**Work required:**
Every line in the following data that has "prems" counts toward the total; state that total alone.
Task inputs: Begin
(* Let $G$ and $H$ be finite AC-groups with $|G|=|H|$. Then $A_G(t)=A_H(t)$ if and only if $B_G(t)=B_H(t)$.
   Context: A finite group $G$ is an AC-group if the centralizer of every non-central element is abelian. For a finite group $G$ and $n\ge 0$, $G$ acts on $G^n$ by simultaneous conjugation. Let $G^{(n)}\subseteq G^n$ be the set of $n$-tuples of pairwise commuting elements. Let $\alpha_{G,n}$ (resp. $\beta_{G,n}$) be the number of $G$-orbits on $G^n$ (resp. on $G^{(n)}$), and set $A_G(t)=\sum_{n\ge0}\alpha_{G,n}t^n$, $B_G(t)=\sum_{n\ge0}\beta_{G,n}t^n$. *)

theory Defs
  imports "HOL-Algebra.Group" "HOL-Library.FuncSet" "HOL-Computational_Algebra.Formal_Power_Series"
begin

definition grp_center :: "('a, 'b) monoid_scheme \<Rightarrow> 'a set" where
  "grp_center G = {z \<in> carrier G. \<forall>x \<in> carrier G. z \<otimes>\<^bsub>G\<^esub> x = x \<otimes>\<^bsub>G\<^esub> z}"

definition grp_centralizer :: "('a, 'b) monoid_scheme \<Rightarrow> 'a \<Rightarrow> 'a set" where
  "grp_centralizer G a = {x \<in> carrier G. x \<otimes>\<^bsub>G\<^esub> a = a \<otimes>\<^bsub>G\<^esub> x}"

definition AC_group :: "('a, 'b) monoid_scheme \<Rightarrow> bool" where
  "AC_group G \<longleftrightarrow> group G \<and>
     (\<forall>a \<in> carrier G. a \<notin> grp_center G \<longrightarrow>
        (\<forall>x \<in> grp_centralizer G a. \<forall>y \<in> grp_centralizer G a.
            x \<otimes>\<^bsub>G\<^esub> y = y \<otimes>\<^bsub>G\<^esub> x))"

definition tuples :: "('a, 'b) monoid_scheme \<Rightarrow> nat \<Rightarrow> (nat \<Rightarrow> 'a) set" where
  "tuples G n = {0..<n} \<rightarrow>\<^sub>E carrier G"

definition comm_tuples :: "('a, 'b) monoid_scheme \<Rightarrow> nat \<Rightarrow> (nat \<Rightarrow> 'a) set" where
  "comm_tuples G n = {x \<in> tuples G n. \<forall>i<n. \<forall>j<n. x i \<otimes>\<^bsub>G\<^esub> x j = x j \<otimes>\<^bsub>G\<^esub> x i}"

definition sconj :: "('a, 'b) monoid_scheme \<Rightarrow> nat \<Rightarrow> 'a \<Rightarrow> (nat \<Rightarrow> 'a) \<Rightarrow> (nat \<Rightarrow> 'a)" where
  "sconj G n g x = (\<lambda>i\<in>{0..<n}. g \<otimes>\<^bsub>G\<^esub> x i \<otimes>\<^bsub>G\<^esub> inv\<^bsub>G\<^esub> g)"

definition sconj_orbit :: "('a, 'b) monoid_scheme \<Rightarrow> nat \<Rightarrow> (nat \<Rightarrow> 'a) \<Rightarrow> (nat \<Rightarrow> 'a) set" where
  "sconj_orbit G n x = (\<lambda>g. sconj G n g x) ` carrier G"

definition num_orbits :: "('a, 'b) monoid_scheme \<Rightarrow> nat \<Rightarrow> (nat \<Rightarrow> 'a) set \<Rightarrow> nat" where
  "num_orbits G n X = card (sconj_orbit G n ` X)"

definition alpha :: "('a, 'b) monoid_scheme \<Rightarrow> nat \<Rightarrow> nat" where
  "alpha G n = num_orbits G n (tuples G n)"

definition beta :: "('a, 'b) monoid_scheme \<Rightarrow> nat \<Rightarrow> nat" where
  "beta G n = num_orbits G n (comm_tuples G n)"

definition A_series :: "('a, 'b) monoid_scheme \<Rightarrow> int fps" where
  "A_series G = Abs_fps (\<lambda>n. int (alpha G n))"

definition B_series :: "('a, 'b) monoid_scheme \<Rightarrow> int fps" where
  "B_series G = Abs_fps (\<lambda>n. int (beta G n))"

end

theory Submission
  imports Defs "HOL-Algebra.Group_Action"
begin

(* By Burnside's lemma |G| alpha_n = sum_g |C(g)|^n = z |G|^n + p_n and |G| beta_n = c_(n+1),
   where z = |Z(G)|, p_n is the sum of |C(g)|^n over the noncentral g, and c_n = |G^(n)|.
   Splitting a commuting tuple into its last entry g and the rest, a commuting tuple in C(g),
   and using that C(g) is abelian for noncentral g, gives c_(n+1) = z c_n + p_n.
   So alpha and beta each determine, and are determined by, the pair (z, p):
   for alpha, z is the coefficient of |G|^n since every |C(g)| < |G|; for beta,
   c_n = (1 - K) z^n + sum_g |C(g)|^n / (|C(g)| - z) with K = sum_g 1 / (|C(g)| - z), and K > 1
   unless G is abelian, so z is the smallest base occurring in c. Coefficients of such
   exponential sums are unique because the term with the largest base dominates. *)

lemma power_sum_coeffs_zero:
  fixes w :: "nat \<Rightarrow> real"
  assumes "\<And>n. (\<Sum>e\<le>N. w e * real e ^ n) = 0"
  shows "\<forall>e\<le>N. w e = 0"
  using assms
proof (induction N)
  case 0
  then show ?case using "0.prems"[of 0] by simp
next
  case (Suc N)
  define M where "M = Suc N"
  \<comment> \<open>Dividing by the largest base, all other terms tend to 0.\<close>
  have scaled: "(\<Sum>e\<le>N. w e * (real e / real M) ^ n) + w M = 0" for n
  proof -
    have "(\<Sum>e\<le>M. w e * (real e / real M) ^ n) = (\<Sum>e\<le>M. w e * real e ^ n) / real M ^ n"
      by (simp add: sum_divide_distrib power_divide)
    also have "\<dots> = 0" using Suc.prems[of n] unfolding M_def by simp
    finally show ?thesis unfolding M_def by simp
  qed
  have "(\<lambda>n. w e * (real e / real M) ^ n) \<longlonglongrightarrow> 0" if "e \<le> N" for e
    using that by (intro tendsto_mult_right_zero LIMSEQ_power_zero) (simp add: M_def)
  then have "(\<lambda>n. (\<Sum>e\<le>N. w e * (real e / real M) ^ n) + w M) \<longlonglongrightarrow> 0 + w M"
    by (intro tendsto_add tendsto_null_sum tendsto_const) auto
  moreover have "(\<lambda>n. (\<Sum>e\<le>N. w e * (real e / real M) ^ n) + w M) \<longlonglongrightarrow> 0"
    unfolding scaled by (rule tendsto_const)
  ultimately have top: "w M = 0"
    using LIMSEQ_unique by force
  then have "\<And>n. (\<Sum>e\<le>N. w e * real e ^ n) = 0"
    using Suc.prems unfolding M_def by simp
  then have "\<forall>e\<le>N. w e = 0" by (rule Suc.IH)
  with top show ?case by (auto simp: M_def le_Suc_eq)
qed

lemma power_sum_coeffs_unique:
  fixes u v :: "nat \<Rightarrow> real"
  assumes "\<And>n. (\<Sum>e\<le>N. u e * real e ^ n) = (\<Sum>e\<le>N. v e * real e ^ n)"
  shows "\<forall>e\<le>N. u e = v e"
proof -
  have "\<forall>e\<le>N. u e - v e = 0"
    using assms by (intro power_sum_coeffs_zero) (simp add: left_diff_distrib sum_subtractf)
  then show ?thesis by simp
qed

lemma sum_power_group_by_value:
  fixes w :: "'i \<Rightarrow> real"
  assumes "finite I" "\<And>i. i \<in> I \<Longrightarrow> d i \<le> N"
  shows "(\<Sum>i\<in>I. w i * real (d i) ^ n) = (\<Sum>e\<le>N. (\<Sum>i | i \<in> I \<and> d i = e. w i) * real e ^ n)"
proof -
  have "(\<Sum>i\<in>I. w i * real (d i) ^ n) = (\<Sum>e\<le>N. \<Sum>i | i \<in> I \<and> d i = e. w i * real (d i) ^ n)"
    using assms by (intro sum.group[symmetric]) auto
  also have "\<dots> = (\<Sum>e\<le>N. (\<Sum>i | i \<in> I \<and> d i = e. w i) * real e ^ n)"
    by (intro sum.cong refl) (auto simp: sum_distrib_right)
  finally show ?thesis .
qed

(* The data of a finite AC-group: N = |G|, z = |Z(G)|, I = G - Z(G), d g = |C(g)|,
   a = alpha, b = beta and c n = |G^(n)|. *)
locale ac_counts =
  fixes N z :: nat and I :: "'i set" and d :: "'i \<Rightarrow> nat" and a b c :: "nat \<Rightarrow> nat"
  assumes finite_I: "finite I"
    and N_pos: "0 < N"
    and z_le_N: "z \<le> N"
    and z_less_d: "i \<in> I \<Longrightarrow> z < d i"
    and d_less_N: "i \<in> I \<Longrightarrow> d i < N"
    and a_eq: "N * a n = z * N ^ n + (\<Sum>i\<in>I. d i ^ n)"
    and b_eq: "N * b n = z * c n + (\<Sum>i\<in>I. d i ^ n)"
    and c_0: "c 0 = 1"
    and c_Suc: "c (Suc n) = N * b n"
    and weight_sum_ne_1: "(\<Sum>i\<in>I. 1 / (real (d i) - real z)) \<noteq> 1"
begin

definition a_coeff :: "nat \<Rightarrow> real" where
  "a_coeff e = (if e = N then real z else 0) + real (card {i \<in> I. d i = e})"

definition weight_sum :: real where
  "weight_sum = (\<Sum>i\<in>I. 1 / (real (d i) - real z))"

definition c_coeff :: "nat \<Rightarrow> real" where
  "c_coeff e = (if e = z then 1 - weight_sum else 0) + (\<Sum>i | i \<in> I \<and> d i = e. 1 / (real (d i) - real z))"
Task inputs: End
Task inputs: Begin
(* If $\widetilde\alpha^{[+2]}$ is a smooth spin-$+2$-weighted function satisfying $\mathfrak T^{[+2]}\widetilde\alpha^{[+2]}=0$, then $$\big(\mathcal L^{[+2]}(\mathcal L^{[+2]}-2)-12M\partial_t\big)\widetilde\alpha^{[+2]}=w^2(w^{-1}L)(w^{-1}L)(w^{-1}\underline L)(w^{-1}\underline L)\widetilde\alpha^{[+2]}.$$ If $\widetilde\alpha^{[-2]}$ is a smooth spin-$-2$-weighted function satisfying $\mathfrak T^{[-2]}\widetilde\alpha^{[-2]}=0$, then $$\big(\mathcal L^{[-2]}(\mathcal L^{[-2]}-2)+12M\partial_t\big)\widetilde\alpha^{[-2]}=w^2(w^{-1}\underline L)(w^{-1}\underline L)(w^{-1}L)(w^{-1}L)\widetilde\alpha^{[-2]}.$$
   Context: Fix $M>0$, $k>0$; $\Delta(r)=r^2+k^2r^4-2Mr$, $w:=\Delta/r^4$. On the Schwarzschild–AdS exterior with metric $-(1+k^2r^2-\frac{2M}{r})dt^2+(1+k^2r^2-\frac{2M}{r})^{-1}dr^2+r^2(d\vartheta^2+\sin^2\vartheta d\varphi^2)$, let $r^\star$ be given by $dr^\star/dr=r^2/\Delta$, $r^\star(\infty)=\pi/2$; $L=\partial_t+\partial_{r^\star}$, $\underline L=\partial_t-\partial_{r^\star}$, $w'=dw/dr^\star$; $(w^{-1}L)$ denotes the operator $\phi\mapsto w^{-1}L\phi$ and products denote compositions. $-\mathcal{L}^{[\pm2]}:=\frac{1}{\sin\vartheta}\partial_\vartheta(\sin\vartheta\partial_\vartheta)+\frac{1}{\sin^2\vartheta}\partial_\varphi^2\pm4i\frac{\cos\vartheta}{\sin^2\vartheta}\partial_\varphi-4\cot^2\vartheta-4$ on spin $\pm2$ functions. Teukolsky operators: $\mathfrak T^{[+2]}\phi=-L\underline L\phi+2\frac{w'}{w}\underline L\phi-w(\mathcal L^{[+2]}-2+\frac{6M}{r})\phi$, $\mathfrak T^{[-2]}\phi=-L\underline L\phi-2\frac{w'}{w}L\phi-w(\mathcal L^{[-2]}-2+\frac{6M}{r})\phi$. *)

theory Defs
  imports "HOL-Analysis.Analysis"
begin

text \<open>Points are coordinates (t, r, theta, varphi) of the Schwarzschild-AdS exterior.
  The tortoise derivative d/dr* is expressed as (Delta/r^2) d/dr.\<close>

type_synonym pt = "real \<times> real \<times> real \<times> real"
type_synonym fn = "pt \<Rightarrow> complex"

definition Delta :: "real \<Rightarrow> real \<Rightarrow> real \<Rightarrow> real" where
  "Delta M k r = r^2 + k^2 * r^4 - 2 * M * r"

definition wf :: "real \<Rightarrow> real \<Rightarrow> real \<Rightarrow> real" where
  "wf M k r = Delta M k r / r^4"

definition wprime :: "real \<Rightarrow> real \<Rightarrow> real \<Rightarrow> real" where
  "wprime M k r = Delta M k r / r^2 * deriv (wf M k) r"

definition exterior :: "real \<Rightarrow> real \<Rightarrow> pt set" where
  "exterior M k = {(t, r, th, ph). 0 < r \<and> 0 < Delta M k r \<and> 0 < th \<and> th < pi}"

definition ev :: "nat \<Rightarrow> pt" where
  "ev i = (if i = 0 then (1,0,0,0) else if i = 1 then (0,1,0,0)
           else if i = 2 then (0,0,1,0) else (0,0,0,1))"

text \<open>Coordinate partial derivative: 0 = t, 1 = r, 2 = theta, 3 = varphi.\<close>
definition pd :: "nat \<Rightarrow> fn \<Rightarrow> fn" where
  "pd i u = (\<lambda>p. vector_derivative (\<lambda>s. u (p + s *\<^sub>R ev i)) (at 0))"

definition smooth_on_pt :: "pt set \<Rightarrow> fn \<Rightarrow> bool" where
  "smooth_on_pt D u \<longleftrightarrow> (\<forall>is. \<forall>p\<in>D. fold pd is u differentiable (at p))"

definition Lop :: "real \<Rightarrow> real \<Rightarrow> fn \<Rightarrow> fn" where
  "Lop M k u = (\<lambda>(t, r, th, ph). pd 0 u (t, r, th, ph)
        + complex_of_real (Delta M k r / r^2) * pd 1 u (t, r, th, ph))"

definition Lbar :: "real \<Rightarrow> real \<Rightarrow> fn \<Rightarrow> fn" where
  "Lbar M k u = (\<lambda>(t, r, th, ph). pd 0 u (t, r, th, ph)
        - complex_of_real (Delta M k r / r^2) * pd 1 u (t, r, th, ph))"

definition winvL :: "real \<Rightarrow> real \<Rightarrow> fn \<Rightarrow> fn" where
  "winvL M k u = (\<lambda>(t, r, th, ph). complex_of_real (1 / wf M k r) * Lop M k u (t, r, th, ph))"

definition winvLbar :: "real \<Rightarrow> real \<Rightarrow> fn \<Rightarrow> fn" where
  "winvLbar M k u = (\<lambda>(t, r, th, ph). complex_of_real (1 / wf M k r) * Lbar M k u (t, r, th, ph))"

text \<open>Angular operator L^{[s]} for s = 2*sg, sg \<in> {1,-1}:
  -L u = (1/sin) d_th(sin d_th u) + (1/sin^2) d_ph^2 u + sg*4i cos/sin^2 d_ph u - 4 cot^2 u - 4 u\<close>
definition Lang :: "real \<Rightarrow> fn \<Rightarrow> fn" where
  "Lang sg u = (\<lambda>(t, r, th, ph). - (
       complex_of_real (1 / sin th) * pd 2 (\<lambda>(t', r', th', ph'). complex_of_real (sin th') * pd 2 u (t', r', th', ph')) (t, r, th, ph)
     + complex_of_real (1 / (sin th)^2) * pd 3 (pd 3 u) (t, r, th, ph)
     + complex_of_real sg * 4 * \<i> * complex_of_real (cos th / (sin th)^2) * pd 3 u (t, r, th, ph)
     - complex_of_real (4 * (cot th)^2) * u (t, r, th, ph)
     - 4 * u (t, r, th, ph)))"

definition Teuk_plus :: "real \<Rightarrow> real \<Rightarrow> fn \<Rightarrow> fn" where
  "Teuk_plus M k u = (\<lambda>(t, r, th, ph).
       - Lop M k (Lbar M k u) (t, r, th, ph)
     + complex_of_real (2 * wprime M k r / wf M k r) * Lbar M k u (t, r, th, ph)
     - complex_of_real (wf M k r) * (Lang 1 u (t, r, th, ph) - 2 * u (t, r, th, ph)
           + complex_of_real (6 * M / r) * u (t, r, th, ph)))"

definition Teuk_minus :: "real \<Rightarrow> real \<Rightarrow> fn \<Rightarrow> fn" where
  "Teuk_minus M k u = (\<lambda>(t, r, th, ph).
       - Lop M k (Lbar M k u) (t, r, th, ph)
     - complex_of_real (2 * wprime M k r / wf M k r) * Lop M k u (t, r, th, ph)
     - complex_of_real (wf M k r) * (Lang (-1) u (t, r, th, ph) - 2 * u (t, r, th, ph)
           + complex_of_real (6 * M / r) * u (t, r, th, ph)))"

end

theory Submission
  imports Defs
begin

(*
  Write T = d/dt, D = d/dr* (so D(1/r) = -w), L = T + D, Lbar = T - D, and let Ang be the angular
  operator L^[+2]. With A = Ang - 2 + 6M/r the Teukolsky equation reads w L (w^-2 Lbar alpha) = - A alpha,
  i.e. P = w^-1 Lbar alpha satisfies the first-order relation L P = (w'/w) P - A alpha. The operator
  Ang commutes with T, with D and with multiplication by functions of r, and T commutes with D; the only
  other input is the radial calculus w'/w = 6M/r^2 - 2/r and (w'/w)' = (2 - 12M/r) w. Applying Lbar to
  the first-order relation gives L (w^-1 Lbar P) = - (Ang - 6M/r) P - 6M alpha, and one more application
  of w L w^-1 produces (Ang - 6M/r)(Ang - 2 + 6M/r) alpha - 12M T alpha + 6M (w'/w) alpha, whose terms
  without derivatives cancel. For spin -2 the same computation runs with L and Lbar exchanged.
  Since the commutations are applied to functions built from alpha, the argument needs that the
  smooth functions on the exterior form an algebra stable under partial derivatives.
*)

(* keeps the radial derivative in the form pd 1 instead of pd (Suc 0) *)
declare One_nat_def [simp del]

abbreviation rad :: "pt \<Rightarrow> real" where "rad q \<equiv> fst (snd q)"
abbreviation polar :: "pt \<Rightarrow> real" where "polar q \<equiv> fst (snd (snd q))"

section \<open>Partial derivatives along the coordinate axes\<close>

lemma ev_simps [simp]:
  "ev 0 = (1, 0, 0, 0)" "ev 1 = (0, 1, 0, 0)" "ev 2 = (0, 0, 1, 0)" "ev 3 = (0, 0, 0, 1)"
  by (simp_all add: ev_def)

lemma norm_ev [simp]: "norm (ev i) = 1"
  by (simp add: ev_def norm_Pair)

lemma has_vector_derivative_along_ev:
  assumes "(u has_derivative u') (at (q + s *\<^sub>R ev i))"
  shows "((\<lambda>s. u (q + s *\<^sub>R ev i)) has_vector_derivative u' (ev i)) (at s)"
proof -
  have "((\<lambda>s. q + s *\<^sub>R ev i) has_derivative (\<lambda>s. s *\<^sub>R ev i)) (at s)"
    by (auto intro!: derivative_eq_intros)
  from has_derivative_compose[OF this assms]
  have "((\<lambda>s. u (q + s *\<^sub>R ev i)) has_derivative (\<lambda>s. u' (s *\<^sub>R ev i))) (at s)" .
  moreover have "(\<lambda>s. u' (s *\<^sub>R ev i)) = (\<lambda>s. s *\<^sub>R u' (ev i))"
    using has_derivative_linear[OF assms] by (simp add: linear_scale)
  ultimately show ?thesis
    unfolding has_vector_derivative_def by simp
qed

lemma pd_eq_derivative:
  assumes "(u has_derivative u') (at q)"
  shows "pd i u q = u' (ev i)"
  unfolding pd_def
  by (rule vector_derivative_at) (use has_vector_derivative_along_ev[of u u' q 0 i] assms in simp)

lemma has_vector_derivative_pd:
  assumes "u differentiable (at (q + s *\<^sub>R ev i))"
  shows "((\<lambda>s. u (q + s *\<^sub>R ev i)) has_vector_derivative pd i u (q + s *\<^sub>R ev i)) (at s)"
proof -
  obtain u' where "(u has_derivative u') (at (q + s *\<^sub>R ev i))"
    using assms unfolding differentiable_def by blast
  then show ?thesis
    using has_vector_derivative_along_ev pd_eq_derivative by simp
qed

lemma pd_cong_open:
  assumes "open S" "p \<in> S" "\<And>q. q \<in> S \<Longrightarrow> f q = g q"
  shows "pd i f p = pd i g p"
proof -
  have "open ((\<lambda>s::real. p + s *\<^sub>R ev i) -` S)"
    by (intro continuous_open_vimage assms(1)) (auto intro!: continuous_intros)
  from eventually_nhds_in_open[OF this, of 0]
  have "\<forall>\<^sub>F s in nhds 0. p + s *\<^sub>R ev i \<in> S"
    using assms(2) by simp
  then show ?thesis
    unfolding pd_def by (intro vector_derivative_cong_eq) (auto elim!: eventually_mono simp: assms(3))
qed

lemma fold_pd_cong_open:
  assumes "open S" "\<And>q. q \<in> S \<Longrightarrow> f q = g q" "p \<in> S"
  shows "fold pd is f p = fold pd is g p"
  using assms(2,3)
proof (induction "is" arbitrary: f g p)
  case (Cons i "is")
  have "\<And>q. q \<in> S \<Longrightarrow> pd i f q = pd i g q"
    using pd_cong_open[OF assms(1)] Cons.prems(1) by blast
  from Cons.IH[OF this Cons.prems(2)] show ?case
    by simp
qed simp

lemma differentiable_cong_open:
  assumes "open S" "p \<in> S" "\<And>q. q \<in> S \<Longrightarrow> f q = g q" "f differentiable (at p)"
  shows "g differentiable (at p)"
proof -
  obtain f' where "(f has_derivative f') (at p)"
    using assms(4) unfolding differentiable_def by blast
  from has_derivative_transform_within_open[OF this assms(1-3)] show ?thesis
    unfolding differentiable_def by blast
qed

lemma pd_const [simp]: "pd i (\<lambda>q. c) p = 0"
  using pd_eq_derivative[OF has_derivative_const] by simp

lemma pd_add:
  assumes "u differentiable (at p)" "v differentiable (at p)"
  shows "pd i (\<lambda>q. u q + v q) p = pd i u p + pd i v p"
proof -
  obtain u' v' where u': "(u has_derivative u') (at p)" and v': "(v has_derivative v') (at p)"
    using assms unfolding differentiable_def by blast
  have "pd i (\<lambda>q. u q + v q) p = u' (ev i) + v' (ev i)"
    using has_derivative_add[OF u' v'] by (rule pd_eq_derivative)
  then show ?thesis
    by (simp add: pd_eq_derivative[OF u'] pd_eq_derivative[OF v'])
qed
Task inputs: End
Task inputs: Begin
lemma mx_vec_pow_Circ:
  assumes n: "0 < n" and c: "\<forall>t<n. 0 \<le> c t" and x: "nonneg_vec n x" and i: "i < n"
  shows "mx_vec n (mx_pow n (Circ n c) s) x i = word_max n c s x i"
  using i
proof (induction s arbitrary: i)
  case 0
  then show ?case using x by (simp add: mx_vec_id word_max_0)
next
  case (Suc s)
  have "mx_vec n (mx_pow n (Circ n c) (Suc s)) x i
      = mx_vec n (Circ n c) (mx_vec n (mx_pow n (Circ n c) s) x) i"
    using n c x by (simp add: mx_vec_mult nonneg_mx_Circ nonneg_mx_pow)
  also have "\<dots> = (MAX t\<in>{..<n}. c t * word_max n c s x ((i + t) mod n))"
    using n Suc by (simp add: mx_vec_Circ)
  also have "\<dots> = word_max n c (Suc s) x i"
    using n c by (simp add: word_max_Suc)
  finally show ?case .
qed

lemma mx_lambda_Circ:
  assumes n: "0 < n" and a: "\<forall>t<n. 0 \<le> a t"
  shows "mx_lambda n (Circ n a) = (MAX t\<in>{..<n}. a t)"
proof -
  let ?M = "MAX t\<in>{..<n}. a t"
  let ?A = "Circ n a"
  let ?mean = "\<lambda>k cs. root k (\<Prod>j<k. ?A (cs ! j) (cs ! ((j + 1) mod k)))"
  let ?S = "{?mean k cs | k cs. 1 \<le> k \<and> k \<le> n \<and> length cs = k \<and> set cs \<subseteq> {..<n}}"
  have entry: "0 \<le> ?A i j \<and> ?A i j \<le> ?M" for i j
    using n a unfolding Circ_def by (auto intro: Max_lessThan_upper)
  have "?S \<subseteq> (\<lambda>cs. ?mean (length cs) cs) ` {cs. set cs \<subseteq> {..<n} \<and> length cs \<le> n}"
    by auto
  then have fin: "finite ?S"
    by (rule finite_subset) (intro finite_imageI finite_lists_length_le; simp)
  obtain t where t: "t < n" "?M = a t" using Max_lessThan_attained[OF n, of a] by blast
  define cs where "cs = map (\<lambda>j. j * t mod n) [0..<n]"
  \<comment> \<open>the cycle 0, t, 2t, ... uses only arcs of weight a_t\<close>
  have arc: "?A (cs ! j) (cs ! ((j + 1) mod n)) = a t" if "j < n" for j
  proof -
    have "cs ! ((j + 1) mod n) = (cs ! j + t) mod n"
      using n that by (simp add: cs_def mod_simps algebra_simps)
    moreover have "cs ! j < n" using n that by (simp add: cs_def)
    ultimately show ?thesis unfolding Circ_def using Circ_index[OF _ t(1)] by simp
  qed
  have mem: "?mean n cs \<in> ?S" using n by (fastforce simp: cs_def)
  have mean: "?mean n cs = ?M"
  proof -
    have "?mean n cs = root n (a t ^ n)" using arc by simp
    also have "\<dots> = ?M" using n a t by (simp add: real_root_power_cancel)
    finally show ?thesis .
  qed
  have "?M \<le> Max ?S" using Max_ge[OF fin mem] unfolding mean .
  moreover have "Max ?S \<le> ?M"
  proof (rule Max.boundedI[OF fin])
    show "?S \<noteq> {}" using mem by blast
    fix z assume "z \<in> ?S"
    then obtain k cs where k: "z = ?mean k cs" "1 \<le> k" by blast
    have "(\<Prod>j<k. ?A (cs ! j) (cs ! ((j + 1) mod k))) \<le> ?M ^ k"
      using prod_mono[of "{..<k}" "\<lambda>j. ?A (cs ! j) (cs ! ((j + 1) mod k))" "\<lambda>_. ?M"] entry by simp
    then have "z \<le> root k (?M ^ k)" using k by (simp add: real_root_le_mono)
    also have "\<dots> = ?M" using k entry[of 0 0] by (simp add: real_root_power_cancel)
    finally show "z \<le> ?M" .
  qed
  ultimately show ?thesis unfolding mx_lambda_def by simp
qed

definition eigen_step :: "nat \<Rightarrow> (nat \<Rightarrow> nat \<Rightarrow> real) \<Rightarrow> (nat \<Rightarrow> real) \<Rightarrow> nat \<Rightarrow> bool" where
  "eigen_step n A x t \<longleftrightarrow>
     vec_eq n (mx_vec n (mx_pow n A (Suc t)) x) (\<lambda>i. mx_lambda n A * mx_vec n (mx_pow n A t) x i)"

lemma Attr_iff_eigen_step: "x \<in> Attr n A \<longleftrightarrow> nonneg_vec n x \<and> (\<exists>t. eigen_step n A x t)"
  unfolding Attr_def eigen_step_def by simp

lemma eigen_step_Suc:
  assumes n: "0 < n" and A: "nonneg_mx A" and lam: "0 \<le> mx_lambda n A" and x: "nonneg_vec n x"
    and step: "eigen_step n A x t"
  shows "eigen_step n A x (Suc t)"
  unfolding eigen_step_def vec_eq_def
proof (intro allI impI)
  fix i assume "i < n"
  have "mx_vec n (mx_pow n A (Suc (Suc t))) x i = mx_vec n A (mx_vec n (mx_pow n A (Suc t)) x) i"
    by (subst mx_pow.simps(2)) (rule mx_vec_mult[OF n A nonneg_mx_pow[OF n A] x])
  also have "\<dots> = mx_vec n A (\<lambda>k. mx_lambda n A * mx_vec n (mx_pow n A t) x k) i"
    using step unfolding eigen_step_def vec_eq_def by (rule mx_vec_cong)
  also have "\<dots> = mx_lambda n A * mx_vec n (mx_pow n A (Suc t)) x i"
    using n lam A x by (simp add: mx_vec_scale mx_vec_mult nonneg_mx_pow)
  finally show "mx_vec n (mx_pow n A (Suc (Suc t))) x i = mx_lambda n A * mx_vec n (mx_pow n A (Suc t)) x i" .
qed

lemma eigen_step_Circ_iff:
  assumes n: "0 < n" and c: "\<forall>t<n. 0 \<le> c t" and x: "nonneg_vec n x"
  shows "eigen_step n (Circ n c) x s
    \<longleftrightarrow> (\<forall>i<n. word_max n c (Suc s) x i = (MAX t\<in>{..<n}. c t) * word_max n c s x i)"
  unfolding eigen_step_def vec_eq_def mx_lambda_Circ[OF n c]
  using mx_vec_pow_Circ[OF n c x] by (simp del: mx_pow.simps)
Task inputs: End
**Exercise output:**
5